Conference: ICCV 2025 arXiv: 2503.02304 Code: Token-family/TokenFD Area: Self-supervised Learning / Representation Learning Keywords: token-level alignment, visual foundation model, document understanding, OCR-free, multimodal large language model

TL;DR

This paper proposes TokenFD, the first token-level text image foundation model, pre-trained on 20 million images and 1.8 billion BPE token-mask pairs via token-level vision-language alignment to achieve image-as-text semantic understanding. Built upon TokenFD, TokenVL is introduced as a document understanding MLLM, achieving a score of 860 on OCRBench (highest among 8B-class models) and an average improvement of 8.8% across ten VQA benchmarks including DocVQA.

Background & Motivation

  1. Background: General-purpose visual foundation models (VFMs) such as CLIP, DINO, and SAM are widely adopted as visual encoders in multimodal large language models. However, these models are trained under image-level (CLIP/DINO) or pixel-level (SAM) supervision.

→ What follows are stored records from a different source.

text \<open>In an accepting run the maximal rank below a stable node is even: a branch
  revisiting a state of maximal rank forever stays in the subtree.\<close>
lemma stable_max_rank_even:
  fixes \<rho> :: "bool list \<Rightarrow> 'q::finite"
  assumes acc: "accepting_run rank \<rho>" and st: "stable \<rho> x"
  shows "even (Max (rank ` states_below \<rho> x))"
proof -
  define m where "m = Max (rank ` states_below \<rho> x)"
  obtain q where q: "q \<in> states_below \<rho> x" "rank q = m"
    using max_rank_attained unfolding m_def by blast
  have "\<exists>w'. w' \<noteq> [] \<and> \<rho> (x @ w @ w') = q" for w
    using stable_reach[OF st q(1), of "w @ [False]"] by force
  then obtain \<beta> where \<beta>x: "map \<beta> [0..<length x] = x"
    and often: "\<exists>\<^sub>\<infinity>N. \<rho> (map \<beta> [0..<N]) = q"
    using recurrent_branch[where P = "\<lambda>v. \<rho> v = q"] by blast
  define g where "g N = rank (\<rho> (map \<beta> [0..<N]))" for N
  have "g N \<le> m" if "N \<ge> length x" for N
  proof -
    have "map \<beta> [0..<N] = x @ map \<beta> [length x..<N]"
      using that \<beta>x by (metis le_add_diff_inverse map_append upt_add_eq_append zero_le)
    then have "\<rho> (map \<beta> [0..<N]) \<in> states_below \<rho> x" unfolding states_below_def by auto
    then show ?thesis unfolding g_def m_def by simp
  qed
  then have "\<forall>\<^sub>\<infinity>N. g N \<le> m" unfolding MOST_nat_le by blast
  moreover have "\<exists>\<^sub>\<infinity>N. g N = m" using often q(2) unfolding g_def by (auto elim: INFM_mono)
  moreover have "parity_ok g" using acc unfolding accepting_run_def g_def by blast
  ultimately show ?thesis unfolding m_def by (intro parity_ok_max_even)
qed

text \<open>Let q have the maximal rank below node x, and let this rank be even.  Then any
  nonempty tree path from a node x @ w0 labelled q back to q is an accepting loop at q:
  its states lie below x and include q.\<close>
lemma accepting_loop_at_max_rank:
  fixes delta :: "'q::finite \<Rightarrow> 'a \<Rightarrow> 'q \<times> 'q"
    and s :: 'q and t :: "bool list \<Rightarrow> 'a"
  defines "\<rho> \<equiv> run delta s t"
  assumes even_max: "even (Max (rank ` states_below \<rho> x))"
    and q_max: "rank q = Max (rank ` states_below \<rho> x)"
    and x0: "\<rho> (x @ w0) = q" and return: "\<rho> (x @ w0 @ w) = q" and "w \<noteq> []"
  shows "accepting_loop delta rank q (tree_path t (x @ w0) w)"
proof -
  let ?A = "rank ` set (pstates delta q (tree_path t (x @ w0) w))"
  have states: "set (pstates delta q (tree_path t (x @ w0) w))
      = {\<rho> (x @ w0 @ take i w) | i. i \<le> length w}"
    using pstates_tree_path[of delta s t "x @ w0" w] x0
    unfolding \<rho>_def by (auto simp del: upt_Suc simp: image_iff)
  have below: "?A \<subseteq> rank ` states_below \<rho> x"
    unfolding states states_below_def by auto
  have "r \<le> rank q" if "r \<in> ?A" for r
    using below that unfolding q_max by (intro Max_ge) auto
  moreover have "rank q \<in> ?A"
    unfolding states using x0 by (intro imageI CollectI exI[of _ 0]) simp
  ultimately have "Max ?A = rank q"
    by (intro Max_eqI) auto
  moreover have "target delta q (tree_path t (x @ w0) w) = q"
    using target_tree_path[of delta s t "x @ w0" w] x0 return unfolding \<rho>_def by simp
  ultimately show ?thesis
    unfolding accepting_loop_def is_loop_def using \<open>w \<noteq> []\<close> even_max q_max
    by (cases w) auto
qed

theorem lemma12p1:
  fixes delta :: "'q::finite \<Rightarrow> 'a::finite \<Rightarrow> 'q \<times> 'q"
    and rank :: "'q \<Rightarrow> nat" and init :: 'q and p :: 'q
  assumes "productive delta rank init p"
  shows "\<exists>q pi_p pi0 pi1. target delta p pi_p = q \<and> branching pi0 pi1 \<and>
           accepting_loop delta rank q pi0 \<and> accepting_loop delta rank q pi1"
proof -
  obtain t u where acc: "accepting_run rank (run delta init t)" and pu: "run delta init t u = p"
    using assms unfolding productive_def by blast
  define \<rho> where "\<rho> = run delta init t"
  obtain v where st: "stable \<rho> (u @ v)" using stable_node_exists by blast
  define x where "x = u @ v"
  define m where "m = Max (rank ` states_below \<rho> x)"
  have even_m: "even m"
    using stable_max_rank_even acc st unfolding m_def x_def \<rho>_def .
  obtain q where q: "q \<in> states_below \<rho> x" "rank q = m"
    using max_rank_attained unfolding m_def by blast
  note reach = stable_reach[OF st[folded x_def] q(1)]
  obtain w0 where w0: "\<rho> (x @ w0) = q" using reach[of "[]"] by auto
  obtain w1 where w1: "\<rho> (x @ w0 @ False # w1) = q" using reach[of "w0 @ [False]"] by auto
  obtain w2 where w2: "\<rho> (x @ w0 @ True # w2) = q" using reach[of "w0 @ [True]"] by auto
  have "target delta p (tree_path t u (v @ w0)) = q"
    using target_tree_path[of delta init t u "v @ w0"] pu w0 unfolding \<rho>_def x_def by simp
  moreover have "branching (tree_path t (x @ w0) (False # w1)) (tree_path t (x @ w0) (True # w2))"
    unfolding branching_def by (intro exI[of _ "[]"]) auto
  moreover have "accepting_loop delta rank q (tree_path t (x @ w0) (d # w))"
    if "\<rho> (x @ w0 @ d # w) = q" for d w
    using accepting_loop_at_max_rank[where delta = delta and s = init and t = t, folded \<rho>_def]
      even_m q(2) w0 that
    unfolding m_def by blast
  ultimately show ?thesis using w1 w2 by blast
qed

  2. Limitations of Prior Work: For document images containing dense small text, image-level VFMs fail to perceive fine-grained textual content precisely, leading to fundamental perceptual errors in downstream OCR-related tasks. Some methods attempt to incorporate SAM as an additional high-resolution encoder, but the dual-VFM combination doubles the token count, incurring high cost and reduced flexibility.

  3. Key Challenge: No token-granularity fine-grained text image foundation model currently exists. A critical gap lies between image-level and pixel-level supervision—namely, token-level alignment, which refers to the precise mapping of each BPE subword to its corresponding spatial region in the image.

  4. Goal: (1) Construct the first token-level image-text dataset; (2) Train the first token-level VFM; (3) Apply it to the construction of a document understanding MLLM.

  5. Key Insight: BPE tokenizers are used to decompose text into subwords, and pixel-level masks are constructed for each subword to achieve token-granularity vision-language alignment—substantially finer than CLIP's image-level alignment and semantically richer than SAM's pixel-level segmentation.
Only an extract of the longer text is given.